Work instructions -
Copy the lines exactly as they appear, starting with the first line of the records and ending with the line that contains "theory Defs".

(Extracted records)
_____

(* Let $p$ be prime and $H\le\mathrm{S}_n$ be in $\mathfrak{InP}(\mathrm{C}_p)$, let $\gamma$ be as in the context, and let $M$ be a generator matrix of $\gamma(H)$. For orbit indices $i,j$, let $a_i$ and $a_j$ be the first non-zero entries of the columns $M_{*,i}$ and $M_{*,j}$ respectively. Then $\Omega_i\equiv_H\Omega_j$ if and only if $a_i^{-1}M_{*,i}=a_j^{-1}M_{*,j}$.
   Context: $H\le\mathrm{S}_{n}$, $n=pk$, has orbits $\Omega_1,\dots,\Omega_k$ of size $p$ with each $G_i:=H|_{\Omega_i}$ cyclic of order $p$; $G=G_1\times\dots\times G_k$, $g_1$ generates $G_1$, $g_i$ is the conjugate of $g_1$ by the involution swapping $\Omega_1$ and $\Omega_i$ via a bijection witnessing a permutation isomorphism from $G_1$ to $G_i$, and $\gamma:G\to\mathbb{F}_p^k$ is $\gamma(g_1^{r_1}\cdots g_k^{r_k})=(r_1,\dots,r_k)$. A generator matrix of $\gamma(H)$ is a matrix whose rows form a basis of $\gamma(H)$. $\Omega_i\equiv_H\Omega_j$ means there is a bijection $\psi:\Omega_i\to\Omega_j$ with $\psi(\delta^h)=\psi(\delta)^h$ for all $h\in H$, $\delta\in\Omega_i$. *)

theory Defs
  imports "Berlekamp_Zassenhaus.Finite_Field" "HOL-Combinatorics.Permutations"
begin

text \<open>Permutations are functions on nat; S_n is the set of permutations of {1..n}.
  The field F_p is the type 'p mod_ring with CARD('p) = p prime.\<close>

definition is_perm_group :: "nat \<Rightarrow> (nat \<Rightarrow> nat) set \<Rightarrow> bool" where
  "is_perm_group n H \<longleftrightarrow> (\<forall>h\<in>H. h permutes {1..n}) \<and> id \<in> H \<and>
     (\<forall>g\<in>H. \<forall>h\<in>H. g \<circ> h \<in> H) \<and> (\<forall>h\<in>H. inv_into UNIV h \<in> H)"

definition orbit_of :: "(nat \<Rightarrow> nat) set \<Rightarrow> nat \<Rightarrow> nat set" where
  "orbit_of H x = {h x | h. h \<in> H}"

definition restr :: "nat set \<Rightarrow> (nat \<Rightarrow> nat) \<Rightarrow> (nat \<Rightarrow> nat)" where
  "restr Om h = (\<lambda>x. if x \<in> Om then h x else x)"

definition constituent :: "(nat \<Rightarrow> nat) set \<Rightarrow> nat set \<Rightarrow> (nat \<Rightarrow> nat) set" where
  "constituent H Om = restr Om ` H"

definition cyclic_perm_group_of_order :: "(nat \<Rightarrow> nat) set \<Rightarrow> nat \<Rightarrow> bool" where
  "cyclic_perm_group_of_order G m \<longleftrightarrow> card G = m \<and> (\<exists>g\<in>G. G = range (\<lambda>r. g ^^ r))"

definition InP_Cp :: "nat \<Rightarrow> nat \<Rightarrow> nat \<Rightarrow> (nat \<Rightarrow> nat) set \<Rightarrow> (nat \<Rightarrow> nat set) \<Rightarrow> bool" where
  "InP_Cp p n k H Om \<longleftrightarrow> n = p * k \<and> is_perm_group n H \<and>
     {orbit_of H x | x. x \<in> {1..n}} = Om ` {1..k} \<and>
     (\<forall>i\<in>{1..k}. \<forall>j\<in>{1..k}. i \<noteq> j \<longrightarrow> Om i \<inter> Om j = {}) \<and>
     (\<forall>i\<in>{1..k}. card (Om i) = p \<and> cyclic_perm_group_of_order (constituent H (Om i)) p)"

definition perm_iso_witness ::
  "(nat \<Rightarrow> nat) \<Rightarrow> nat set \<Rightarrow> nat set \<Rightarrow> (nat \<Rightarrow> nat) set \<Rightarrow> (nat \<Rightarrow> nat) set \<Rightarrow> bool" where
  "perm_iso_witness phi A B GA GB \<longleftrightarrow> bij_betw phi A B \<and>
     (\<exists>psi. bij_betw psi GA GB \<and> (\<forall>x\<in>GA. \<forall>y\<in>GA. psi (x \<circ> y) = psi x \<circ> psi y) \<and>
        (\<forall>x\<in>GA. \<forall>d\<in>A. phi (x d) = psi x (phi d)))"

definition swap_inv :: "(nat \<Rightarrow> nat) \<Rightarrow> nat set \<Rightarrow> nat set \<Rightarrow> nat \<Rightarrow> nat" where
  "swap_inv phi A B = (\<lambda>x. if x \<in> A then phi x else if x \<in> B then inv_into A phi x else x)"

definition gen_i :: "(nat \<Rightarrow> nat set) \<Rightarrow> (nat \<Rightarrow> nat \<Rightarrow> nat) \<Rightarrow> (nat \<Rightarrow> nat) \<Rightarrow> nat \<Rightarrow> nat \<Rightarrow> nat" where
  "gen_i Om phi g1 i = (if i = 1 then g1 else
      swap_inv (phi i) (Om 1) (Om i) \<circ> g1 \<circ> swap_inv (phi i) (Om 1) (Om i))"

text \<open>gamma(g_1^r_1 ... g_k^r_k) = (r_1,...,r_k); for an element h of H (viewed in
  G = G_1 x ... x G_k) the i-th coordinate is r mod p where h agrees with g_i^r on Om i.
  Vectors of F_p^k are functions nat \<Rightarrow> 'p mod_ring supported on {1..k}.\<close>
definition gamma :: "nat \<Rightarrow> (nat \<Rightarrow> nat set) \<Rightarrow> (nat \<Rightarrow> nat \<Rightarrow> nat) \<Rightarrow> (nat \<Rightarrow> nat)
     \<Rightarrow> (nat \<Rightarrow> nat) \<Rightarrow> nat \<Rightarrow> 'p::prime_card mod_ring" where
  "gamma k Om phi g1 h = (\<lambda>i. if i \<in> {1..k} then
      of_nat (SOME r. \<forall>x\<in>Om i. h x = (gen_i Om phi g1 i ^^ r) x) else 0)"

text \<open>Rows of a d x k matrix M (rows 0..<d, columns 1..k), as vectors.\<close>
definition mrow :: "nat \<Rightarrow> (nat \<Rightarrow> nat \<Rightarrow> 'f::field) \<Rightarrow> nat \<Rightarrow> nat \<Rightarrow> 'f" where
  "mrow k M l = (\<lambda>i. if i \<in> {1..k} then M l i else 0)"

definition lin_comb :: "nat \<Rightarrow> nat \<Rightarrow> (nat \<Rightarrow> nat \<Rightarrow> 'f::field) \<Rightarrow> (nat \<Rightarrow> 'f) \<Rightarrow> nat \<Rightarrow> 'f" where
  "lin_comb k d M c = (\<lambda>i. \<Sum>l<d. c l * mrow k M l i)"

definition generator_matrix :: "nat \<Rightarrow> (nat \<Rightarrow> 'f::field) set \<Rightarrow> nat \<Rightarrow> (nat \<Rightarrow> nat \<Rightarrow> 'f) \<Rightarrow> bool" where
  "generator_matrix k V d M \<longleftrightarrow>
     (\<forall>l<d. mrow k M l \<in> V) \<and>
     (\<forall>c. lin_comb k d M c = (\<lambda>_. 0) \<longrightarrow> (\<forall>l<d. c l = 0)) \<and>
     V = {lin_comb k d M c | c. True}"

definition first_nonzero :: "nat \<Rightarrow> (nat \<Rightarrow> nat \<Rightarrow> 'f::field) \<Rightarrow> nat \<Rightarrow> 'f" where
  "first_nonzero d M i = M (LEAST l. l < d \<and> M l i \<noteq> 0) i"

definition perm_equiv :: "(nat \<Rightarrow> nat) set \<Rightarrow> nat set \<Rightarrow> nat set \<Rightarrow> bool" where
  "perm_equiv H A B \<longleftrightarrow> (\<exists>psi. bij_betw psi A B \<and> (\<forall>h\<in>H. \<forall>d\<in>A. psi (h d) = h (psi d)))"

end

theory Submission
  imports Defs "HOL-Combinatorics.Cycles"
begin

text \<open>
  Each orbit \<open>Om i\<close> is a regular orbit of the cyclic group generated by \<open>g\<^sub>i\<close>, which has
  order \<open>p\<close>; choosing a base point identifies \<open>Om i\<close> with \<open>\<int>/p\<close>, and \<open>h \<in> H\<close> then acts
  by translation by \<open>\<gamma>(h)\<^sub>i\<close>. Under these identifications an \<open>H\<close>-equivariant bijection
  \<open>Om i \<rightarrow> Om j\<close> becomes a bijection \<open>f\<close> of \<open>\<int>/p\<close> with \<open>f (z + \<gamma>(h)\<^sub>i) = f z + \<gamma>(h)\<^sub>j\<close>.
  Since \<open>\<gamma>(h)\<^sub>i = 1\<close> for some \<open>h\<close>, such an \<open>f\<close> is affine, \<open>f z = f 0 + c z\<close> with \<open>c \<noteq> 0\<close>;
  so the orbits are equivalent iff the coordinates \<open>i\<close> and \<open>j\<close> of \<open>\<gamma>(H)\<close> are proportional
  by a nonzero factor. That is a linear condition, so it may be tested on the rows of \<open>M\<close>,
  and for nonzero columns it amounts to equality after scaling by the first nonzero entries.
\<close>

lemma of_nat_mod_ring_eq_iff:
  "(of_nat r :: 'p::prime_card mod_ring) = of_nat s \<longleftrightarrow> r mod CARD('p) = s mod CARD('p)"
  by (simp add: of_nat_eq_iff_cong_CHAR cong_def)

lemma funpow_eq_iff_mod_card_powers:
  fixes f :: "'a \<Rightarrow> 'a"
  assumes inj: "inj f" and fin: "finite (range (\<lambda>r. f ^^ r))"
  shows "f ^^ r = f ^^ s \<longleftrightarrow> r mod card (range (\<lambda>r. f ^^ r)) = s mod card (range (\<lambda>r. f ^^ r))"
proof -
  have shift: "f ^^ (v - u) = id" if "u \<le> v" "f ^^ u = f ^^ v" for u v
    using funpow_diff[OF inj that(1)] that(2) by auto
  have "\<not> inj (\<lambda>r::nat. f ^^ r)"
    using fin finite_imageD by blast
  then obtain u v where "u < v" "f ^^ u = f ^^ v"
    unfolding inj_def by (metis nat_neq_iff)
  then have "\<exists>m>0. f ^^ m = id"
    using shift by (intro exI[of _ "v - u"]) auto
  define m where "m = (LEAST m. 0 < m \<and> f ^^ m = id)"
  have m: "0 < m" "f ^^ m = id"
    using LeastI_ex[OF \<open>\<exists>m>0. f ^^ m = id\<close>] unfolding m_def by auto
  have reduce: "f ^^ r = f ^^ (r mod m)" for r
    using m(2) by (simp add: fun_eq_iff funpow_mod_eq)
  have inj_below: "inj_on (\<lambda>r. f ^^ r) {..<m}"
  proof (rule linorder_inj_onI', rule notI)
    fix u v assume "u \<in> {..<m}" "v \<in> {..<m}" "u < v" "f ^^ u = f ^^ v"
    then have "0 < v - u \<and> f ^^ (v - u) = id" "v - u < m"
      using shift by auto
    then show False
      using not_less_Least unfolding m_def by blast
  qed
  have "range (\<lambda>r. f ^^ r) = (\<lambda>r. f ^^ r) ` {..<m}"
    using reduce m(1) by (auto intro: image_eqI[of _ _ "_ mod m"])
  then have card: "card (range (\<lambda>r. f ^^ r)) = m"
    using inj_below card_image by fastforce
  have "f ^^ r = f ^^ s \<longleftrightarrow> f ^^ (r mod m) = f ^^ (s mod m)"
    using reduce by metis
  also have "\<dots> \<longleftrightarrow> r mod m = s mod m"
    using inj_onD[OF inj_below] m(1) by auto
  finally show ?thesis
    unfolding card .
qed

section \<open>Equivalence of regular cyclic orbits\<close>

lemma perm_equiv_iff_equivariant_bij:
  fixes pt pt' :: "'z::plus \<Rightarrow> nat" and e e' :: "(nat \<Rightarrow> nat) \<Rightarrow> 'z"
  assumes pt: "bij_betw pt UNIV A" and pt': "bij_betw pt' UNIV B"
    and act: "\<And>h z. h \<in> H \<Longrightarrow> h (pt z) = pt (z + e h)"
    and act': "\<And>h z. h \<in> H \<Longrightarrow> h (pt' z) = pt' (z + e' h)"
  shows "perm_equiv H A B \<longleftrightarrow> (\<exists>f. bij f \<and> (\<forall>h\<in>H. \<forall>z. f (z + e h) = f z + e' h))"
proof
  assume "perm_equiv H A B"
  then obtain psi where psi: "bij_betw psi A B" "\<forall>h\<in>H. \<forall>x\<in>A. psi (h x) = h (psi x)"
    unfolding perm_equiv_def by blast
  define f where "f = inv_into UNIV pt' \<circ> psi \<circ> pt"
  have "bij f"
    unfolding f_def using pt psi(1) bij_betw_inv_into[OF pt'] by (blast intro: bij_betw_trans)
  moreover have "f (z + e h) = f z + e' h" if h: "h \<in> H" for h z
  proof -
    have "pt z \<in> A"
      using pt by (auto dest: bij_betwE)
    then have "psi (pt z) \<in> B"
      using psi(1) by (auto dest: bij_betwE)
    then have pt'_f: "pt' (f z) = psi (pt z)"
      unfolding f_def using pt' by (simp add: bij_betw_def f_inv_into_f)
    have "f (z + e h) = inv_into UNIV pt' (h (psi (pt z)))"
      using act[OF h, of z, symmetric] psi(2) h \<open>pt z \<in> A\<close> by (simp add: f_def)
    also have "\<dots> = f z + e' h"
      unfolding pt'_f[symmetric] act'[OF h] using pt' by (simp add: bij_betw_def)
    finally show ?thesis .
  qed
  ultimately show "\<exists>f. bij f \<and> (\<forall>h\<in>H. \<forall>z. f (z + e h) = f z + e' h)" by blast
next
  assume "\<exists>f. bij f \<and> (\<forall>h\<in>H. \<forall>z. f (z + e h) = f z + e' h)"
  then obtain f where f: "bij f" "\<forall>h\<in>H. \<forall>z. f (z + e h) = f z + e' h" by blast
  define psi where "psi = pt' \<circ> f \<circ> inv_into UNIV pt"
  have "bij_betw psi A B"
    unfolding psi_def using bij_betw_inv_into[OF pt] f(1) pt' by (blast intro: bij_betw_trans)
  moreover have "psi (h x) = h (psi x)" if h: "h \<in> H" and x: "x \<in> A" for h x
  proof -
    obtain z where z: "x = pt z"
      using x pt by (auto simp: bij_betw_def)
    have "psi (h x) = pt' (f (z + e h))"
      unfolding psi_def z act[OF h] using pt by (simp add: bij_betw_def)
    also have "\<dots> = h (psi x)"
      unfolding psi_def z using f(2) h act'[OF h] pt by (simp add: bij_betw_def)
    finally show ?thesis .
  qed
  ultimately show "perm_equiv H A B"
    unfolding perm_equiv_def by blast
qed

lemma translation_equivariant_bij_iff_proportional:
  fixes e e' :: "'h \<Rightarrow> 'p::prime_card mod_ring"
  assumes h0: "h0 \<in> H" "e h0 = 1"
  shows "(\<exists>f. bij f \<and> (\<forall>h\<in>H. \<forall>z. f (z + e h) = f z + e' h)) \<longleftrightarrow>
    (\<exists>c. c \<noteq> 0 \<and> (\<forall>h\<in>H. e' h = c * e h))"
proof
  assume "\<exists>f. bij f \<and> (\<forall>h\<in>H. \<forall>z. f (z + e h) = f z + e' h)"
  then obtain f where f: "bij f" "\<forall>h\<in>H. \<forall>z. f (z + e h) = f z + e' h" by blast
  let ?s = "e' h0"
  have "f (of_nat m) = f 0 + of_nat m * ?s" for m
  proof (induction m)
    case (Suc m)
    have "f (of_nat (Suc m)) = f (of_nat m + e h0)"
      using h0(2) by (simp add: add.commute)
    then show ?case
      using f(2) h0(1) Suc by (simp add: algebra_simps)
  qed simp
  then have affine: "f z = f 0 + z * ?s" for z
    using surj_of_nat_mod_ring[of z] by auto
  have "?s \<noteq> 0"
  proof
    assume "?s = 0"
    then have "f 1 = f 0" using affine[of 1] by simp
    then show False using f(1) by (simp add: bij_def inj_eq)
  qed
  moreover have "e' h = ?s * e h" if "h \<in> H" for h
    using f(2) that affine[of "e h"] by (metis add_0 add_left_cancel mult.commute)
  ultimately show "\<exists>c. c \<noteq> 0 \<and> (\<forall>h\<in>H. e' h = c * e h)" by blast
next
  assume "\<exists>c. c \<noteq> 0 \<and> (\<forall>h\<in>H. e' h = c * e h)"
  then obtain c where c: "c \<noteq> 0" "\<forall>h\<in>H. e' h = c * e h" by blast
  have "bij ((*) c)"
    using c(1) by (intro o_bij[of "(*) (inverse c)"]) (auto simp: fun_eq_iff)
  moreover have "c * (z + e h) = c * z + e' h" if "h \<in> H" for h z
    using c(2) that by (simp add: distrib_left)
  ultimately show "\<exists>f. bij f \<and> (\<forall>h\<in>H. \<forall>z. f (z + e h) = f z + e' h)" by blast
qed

_____

Exercise response -
(* Let $p$ be prime and $H\le\mathrm{S}_n$ be in $\mathfrak{InP}(\mathrm{C}_p)$, let $\gamma$ be as in the context, and let $M$ be a generator matrix of $\gamma(H)$. For orbit indices $i,j$, let $a_i$ and $a_j$ be the first non-zero entries of the columns $M_{*,i}$ and $M_{*,j}$ respectively. Then $\Omega_i\equiv_H\Omega_j$ if and only if $a_i^{-1}M_{*,i}=a_j^{-1}M_{*,j}$.
   Context: $H\le\mathrm{S}_{n}$, $n=pk$, has orbits $\Omega_1,\dots,\Omega_k$ of size $p$ with each $G_i:=H|_{\Omega_i}$ cyclic of order $p$; $G=G_1\times\dots\times G_k$, $g_1$ generates $G_1$, $g_i$ is the conjugate of $g_1$ by the involution swapping $\Omega_1$ and $\Omega_i$ via a bijection witnessing a permutation isomorphism from $G_1$ to $G_i$, and $\gamma:G\to\mathbb{F}_p^k$ is $\gamma(g_1^{r_1}\cdots g_k^{r_k})=(r_1,\dots,r_k)$. A generator matrix of $\gamma(H)$ is a matrix whose rows form a basis of $\gamma(H)$. $\Omega_i\equiv_H\Omega_j$ means there is a bijection $\psi:\Omega_i\to\Omega_j$ with $\psi(\delta^h)=\psi(\delta)^h$ for all $h\in H$, $\delta\in\Omega_i$. *)

theory Defs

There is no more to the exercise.